* Task instructions *
After finding the line with "xs \<longleftrightarrow> set" in the entries below, retype exactly each line from there through the line with "PiE S (\<lambda>_.", including that final line.

* Extracted records *
_____

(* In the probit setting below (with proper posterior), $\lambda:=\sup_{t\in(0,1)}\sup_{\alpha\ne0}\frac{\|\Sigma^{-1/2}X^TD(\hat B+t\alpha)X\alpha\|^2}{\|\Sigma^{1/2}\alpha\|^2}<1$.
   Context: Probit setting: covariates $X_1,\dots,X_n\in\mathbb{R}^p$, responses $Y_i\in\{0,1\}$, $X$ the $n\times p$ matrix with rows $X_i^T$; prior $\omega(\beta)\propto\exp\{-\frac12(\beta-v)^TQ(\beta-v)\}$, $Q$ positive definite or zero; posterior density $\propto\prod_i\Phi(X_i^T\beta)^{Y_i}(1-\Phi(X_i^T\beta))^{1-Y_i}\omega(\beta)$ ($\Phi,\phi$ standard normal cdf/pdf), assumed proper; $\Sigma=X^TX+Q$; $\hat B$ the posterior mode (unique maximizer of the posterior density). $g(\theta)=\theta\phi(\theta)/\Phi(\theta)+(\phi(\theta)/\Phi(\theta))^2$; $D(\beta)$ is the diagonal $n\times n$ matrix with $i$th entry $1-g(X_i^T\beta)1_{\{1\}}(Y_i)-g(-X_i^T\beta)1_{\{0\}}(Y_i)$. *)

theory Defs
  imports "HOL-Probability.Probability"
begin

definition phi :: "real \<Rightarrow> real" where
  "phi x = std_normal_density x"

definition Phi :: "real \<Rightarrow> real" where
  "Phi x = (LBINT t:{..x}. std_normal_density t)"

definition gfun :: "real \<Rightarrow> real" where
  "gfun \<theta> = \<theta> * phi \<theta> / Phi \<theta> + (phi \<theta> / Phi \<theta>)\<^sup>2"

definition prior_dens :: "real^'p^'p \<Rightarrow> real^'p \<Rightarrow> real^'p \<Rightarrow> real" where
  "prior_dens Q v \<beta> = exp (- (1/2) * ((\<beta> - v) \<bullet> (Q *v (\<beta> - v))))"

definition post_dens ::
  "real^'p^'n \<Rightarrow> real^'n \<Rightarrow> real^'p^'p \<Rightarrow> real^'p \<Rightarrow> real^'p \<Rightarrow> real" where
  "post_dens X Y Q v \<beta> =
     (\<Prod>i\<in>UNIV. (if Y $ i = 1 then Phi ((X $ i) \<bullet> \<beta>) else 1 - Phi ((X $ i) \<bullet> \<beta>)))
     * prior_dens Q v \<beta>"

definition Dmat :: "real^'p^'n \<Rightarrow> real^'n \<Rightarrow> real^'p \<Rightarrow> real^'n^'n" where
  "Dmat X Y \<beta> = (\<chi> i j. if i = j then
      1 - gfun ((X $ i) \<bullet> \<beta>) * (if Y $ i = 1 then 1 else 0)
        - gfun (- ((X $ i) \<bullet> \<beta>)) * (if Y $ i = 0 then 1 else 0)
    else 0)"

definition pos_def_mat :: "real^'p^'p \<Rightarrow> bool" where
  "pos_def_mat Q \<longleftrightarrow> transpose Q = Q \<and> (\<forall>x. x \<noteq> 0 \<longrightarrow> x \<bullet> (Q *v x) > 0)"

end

_____

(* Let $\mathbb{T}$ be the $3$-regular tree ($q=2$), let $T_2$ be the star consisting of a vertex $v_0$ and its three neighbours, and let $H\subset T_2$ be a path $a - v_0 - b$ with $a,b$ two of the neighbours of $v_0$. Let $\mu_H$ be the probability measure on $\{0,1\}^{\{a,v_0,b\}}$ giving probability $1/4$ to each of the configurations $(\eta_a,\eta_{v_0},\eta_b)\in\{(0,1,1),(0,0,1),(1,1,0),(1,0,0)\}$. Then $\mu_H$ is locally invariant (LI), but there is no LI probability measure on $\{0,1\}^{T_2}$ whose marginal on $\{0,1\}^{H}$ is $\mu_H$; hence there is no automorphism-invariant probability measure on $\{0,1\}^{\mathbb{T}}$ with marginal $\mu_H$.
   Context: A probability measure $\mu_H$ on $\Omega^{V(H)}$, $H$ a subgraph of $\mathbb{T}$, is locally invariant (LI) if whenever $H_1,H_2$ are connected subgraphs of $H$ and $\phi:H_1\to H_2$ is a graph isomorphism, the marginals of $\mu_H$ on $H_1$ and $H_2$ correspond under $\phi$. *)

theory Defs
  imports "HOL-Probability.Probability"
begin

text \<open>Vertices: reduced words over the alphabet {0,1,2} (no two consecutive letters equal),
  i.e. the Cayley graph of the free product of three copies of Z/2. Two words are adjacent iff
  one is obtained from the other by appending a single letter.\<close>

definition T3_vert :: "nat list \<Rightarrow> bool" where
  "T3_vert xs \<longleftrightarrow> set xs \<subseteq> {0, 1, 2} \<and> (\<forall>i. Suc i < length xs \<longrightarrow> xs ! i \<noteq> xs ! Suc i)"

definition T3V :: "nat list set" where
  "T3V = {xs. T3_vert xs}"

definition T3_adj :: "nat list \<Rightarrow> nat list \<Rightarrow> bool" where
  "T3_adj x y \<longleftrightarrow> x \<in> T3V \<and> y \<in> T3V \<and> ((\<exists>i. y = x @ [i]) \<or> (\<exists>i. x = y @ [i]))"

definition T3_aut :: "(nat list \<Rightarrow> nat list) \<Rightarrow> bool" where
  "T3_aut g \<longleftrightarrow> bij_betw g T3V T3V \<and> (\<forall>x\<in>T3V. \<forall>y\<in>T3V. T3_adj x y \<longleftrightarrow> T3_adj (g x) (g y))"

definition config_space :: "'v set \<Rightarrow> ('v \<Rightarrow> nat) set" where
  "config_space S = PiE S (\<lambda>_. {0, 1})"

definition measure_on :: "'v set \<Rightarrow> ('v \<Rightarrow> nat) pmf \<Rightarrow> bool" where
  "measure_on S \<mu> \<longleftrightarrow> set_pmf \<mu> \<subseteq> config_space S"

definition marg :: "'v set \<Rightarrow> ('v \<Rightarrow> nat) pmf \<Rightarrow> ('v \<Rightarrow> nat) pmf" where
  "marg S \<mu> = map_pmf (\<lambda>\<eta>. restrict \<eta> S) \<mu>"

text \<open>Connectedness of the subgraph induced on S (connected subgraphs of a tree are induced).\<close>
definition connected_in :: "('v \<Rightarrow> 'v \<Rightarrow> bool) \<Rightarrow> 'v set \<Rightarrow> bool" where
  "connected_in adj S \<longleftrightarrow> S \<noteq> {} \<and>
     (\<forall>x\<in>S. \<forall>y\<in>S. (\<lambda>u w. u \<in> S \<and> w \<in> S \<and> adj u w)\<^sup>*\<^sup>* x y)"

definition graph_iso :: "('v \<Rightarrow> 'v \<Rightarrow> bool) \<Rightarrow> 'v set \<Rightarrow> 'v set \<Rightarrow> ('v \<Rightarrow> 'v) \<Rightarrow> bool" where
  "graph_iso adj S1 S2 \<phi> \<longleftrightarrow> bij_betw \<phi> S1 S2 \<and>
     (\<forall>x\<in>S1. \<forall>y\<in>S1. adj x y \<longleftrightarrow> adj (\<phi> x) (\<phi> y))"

_____

* Solution for this exercise *
  "T3_vert xs \<longleftrightarrow> set xs \<subseteq> {0, 1, 2} \<and> (\<forall>i. Suc i < length xs \<longrightarrow> xs ! i \<noteq> xs ! Suc i)"

definition T3V :: "nat list set" where
  "T3V = {xs. T3_vert xs}"

definition T3_adj :: "nat list \<Rightarrow> nat list \<Rightarrow> bool" where
  "T3_adj x y \<longleftrightarrow> x \<in> T3V \<and> y \<in> T3V \<and> ((\<exists>i. y = x @ [i]) \<or> (\<exists>i. x = y @ [i]))"

definition T3_aut :: "(nat list \<Rightarrow> nat list) \<Rightarrow> bool" where
  "T3_aut g \<longleftrightarrow> bij_betw g T3V T3V \<and> (\<forall>x\<in>T3V. \<forall>y\<in>T3V. T3_adj x y \<longleftrightarrow> T3_adj (g x) (g y))"

definition config_space :: "'v set \<Rightarrow> ('v \<Rightarrow> nat) set" where
  "config_space S = PiE S (\<lambda>_. {0, 1})"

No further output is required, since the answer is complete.